EXERCISE: Search the records for "else". Report every line where it occurs.

##### DATA SUPPLIED

lemma bool_bases_not_mutually_spanning:
  assumes "U \<noteq> V"
    and U: "is_base bool_spans n m A U" and V: "is_base bool_spans n m A V"
    and "spans_set bool_spans U V" "spans_set bool_spans V U"
  shows False
proof -
  obtain u where u: "u \<in> U" "u \<notin> V"
    using is_bases_diff_nonempty[OF U V assms(1)] .
  obtain S where S: "S \<subseteq> V" "u = (\<lambda>i. if \<exists>v\<in>S. v i = 1 then 1 else 0)"
    using assms(5) u(1) unfolding spans_set_def bool_spans_def by blast
  have "bool_spans (U - {u}) v" if "v \<in> S" for v
  proof (rule bool_spans_without_upper_bound)
    show "bool_spans U v"
      using assms(4) S(1) that unfolding spans_set_def by blast
    show "u i = 1" if "v i = 1" for i
      using S \<open>v \<in> S\<close> that by auto
    show "u i \<le> 1" for i
      using zo_vec_le_1[OF is_base_zo_vec[OF U u(1)]] .
    show "v \<noteq> u"
      using S(1) that u(2) by blast
  qed
  then have "bool_spans (U - {u}) (\<lambda>i. if \<exists>v\<in>S. v i = 1 then 1 else 0)"
    by (intro bool_spans_or) blast
  then have "bool_spans (U - {u}) u"
    by (simp only: S(2)[symmetric])
  then have "spans_set bool_spans (U - {u}) (cols n m A)"
    using is_base_spans_set[OF U] bool_spans_remove_redundant unfolding spans_set_def by blast
  then show False
    using is_base_minimal[OF U u(1)] by blast
qed
(* Let $n\ge 2$. Among all simple directed graphs with $n$ vertices and $n-1$ arcs, the maximal algebraic connectivity is $1$, and a simple directed graph with $n$ vertices and $n-1$ arcs has algebraic connectivity $1$ if and only if it is a directed tree.
   Context: A simple directed graph has no self-arcs and no repeated arcs; an arc $(j,i)$ goes from $j$ to $i$. The (in-degree) Laplacian of a directed graph $\mathbb G$ on vertices $\{1,\dots,n\}$ is $L(\mathbb G)=D-A$, where $D$ is the diagonal matrix of in-degrees and $A_{ij}=1$ if $(j,i)$ is an arc and $0$ otherwise. Its eigenvalues, counted with algebraic multiplicity, have real parts $0={\rm Re}(\lambda_1)\le {\rm Re}(\lambda_2)\le\cdots\le{\rm Re}(\lambda_n)$; the algebraic connectivity is $a(\mathbb G)={\rm Re}(\lambda_2)$, the second smallest real part. A vertex $r$ is a root if there is a directed path from $r$ to every other vertex; a graph is rooted if it has a root. An $n$-vertex directed tree is a rooted directed graph with $n$ vertices and $n-1$ arcs. *)

theory Defs
  imports "Jordan_Normal_Form.Char_Poly" "HOL-Computational_Algebra.Polynomial" "HOL-Library.Multiset"
begin

text \<open>Vertices are 0..n-1 (a relabelling of 1..n). A directed graph is given by its arc set
  A of pairs (j,i), meaning an arc from j to i. Being a set, A has no repeated arcs.\<close>

definition simple_digraph :: "nat \<Rightarrow> (nat \<times> nat) set \<Rightarrow> bool" where
  "simple_digraph n A \<longleftrightarrow> A \<subseteq> {0..<n} \<times> {0..<n} \<and> (\<forall>v. (v, v) \<notin> A)"

definition in_degree :: "(nat \<times> nat) set \<Rightarrow> nat \<Rightarrow> nat" where
  "in_degree A i = card {j. (j, i) \<in> A}"

definition laplacian :: "nat \<Rightarrow> (nat \<times> nat) set \<Rightarrow> complex mat" where
  "laplacian n A = mat n n (\<lambda>(i, j).
      (if i = j then of_nat (in_degree A i) else 0) - (if (j, i) \<in> A then 1 else 0))"

definition lap_eigenvalues :: "nat \<Rightarrow> (nat \<times> nat) set \<Rightarrow> complex multiset" where
  "lap_eigenvalues n A = proots (char_poly (laplacian n A))"

definition alg_conn :: "nat \<Rightarrow> (nat \<times> nat) set \<Rightarrow> real" where
  "alg_conn n A = sorted_list_of_multiset (image_mset Re (lap_eigenvalues n A)) ! 1"

definition is_root :: "nat \<Rightarrow> (nat \<times> nat) set \<Rightarrow> nat \<Rightarrow> bool" where
  "is_root n A r \<longleftrightarrow> r < n \<and> (\<forall>v < n. (r, v) \<in> A\<^sup>*)"

definition rooted :: "nat \<Rightarrow> (nat \<times> nat) set \<Rightarrow> bool" where
  "rooted n A \<longleftrightarrow> (\<exists>r. is_root n A r)"

definition directed_tree :: "nat \<Rightarrow> (nat \<times> nat) set \<Rightarrow> bool" where
  "directed_tree n A \<longleftrightarrow> simple_digraph n A \<and> rooted n A \<and> card A = n - 1"

end

theory Submission
  imports Defs "Jordan_Normal_Form.Schur_Decomposition"
begin
text \<open>Each proportion functional is a finitely additive probability and scales under \<open>shrink\<close>
  up to an error \<open>(1/2) ^ n\<close> that vanishes along the sequence; hence point opinions are regular.\<close>

lemma regular_point_opinion: "regular_prob (point_opinion y)"
proof -
  note L = point_opinion_cluster_point[of y]
  let ?R = "\<lambda>Q. \<exists>n. Q = ratio y n"
  have ev: "eventually (\<lambda>n. ?R (ratio y n)) sequentially"
    by (rule always_eventually) blast
  have "0 \<le> point_opinion y E" for E
    by (rule cluster_point_le[OF L, where P = ?R and \<phi> = "\<lambda>_. 0" and \<psi> = "\<lambda>Q. Q E"])
      (use ev ratio_bounds in auto)
  moreover have "point_opinion y E \<le> 1" for E
    by (rule cluster_point_le[OF L, where P = ?R and \<phi> = "\<lambda>Q. Q E" and \<psi> = "\<lambda>_. 1"])
      (use ev ratio_bounds in auto)
  moreover have "point_opinion y UNIV = 1"
    by (rule cluster_point_eq[OF L, where P = ?R and \<phi> = "\<lambda>Q. Q UNIV" and \<psi> = "\<lambda>_. 1"])
      (use ev ratio_covering in auto)
  moreover have "point_opinion y (E \<union> E') = point_opinion y E + point_opinion y E'"
    if "E \<inter> E' = {}" for E E'
    by (rule cluster_point_eq[OF L, where P = ?R and \<phi> = "\<lambda>Q. Q (E \<union> E')" and \<psi> = "\<lambda>Q. Q E + Q E'"])
      (use ev that ratio_additive in \<open>auto simp: continuous_on_add\<close>)
  moreover have "point_opinion y (shrink E a) = a * point_opinion y E"
    if a: "0 \<le> a" "a \<le> 1" for E a
  proof -
    have close: "\<bar>point_opinion y (shrink E a) - a * point_opinion y E\<bar> \<le> \<eta>" if "0 < \<eta>" for \<eta>
    proof (rule cluster_point_le[OF L, where P = "\<lambda>Q. \<bar>Q (shrink E a) - a * Q E\<bar> \<le> \<eta>"])
      have "eventually (\<lambda>n. (1/2::real) ^ n < \<eta>) sequentially"
        using that by (intro order_tendstoD(2)[OF LIMSEQ_realpow_zero]) auto
      then show "eventually (\<lambda>n. \<bar>ratio y n (shrink E a) - a * ratio y n E\<bar> \<le> \<eta>) sequentially"
        by (rule eventually_mono) (meson ratio_shrink[OF a] less_imp_le order_trans)
    qed (auto intro!: continuous_intros)
    have "\<bar>point_opinion y (shrink E a) - a * point_opinion y E\<bar> \<le> 0"
      by (rule field_le_epsilon) (simp add: close)
    then show ?thesis
      by simp
  qed
  ultimately show ?thesis
    unfolding regular_prob_def by blast
qed

text \<open>An open set containing \<open>y\<close> contains a cylinder around \<open>y\<close> and hence all late blocks.\<close>

lemma point_opinion_open:
  assumes V: "open_paths V" and y: "y \<in> V"
  shows "point_opinion y V = 1"
proof -
  obtain t where t: "cyl y t \<subseteq> V"
    using V y unfolding open_paths_def by blast
  have ev: "eventually (\<lambda>n. ratio y n V = 1) sequentially"
    unfolding eventually_sequentially
    using t block_prefix_subset_cyl ratio_covering by (meson order_trans)
  show ?thesis
    by (rule cluster_point_eq[OF point_opinion_cluster_point,
          where P = "\<lambda>Q. Q V = 1" and \<phi> = "\<lambda>Q. Q V" and \<psi> = "\<lambda>_. 1"]) (use ev in auto)
qed

definition mixture :: "path list \<Rightarrow> fprob" where
  "mixture xs E = (\<Sum>y\<leftarrow>xs. point_opinion y E) / real (length xs)"

lemma regular_mixture:
  assumes "xs \<noteq> []"
  shows "regular_prob (mixture xs)"
proof -
  have pt: "regular_prob (point_opinion y)" for y
    by (rule regular_point_opinion)
  have "0 \<le> (\<Sum>y\<leftarrow>xs. point_opinion y E)" for E
    using pt by (intro sum_list_nonneg) (auto simp: regular_prob_def)
  moreover have "(\<Sum>y\<leftarrow>xs. point_opinion y E) \<le> (\<Sum>y\<leftarrow>xs. 1)" for E
    using pt by (intro sum_list_mono) (auto simp: regular_prob_def)
  ultimately show ?thesis
    using pt assms
    by (auto simp: regular_prob_def mixture_def sum_list_triv sum_list_addf add_divide_distrib
        sum_list_const_mult)
qed

lemma mixture_lower_bound:
  assumes "open_paths V"
  shows "real (length (filter (\<lambda>y. y \<in> V) xs)) / real (length xs) \<le> mixture xs V"
proof -
  have "real (length (filter (\<lambda>y. y \<in> V) xs)) \<le> (\<Sum>y\<leftarrow>xs. point_opinion y V)"
  proof (induction xs)
    case (Cons y ys)
    have "0 \<le> point_opinion y V"
      using regular_point_opinion[of y] by (simp add: regular_prob_def)
    with Cons.IH show ?case
      by (cases "y \<in> V") (simp_all add: point_opinion_open[OF assms] add_increasing)
  qed simp
  then show ?thesis
    unfolding mixture_def by (simp add: divide_right_mono)
qed

section \<open>Multiplicative weights\<close>

text \<open>The multiplicative-weights step size: for \<open>c < c'\<close> some base \<open>b > 1\<close> satisfies
  \<open>1 + (b - 1) c < b powr c'\<close>, since the derivative of \<open>z powr c' - (z - 1) c\<close> at 1 is \<open>c' - c\<close>.\<close>

lemma exists_growth_base:
  fixes c c' :: real
  assumes "c < c'"
  shows "\<exists>b>1. 1 + (b - 1) * c < b powr c'"
proof -
  let ?F = "\<lambda>z::real. z powr c' - (z - 1) * c"
  have "DERIV ?F 1 :> c' * 1 powr (c' - 1) - 1 * c"
    by (intro DERIV_diff has_real_derivative_powr) (auto intro!: derivative_eq_intros)
  then have "DERIV ?F 1 :> c' - c"
    by simp
  from DERIV_pos_inc_right[OF this] assms
  obtain d where d: "d > 0" "\<forall>h>0. h < d \<longrightarrow> ?F 1 < ?F (1 + h)"
    by auto
  then have "?F 1 < ?F (1 + d / 2)"
    using d(2)[rule_format, of "d / 2"] by simp
  then show ?thesis
    using d(1) by (intro exI[of _ "1 + d / 2"]) simp
qed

##########

RESPONSE:
  obtain S where S: "S \<subseteq> V" "u = (\<lambda>i. if \<exists>v\<in>S. v i = 1 then 1 else 0)"
  then have "bool_spans (U - {u}) (\<lambda>i. if \<exists>v\<in>S. v i = 1 then 1 else 0)"
      (if i = j then of_nat (in_degree A i) else 0) - (if (j, i) \<in> A then 1 else 0))"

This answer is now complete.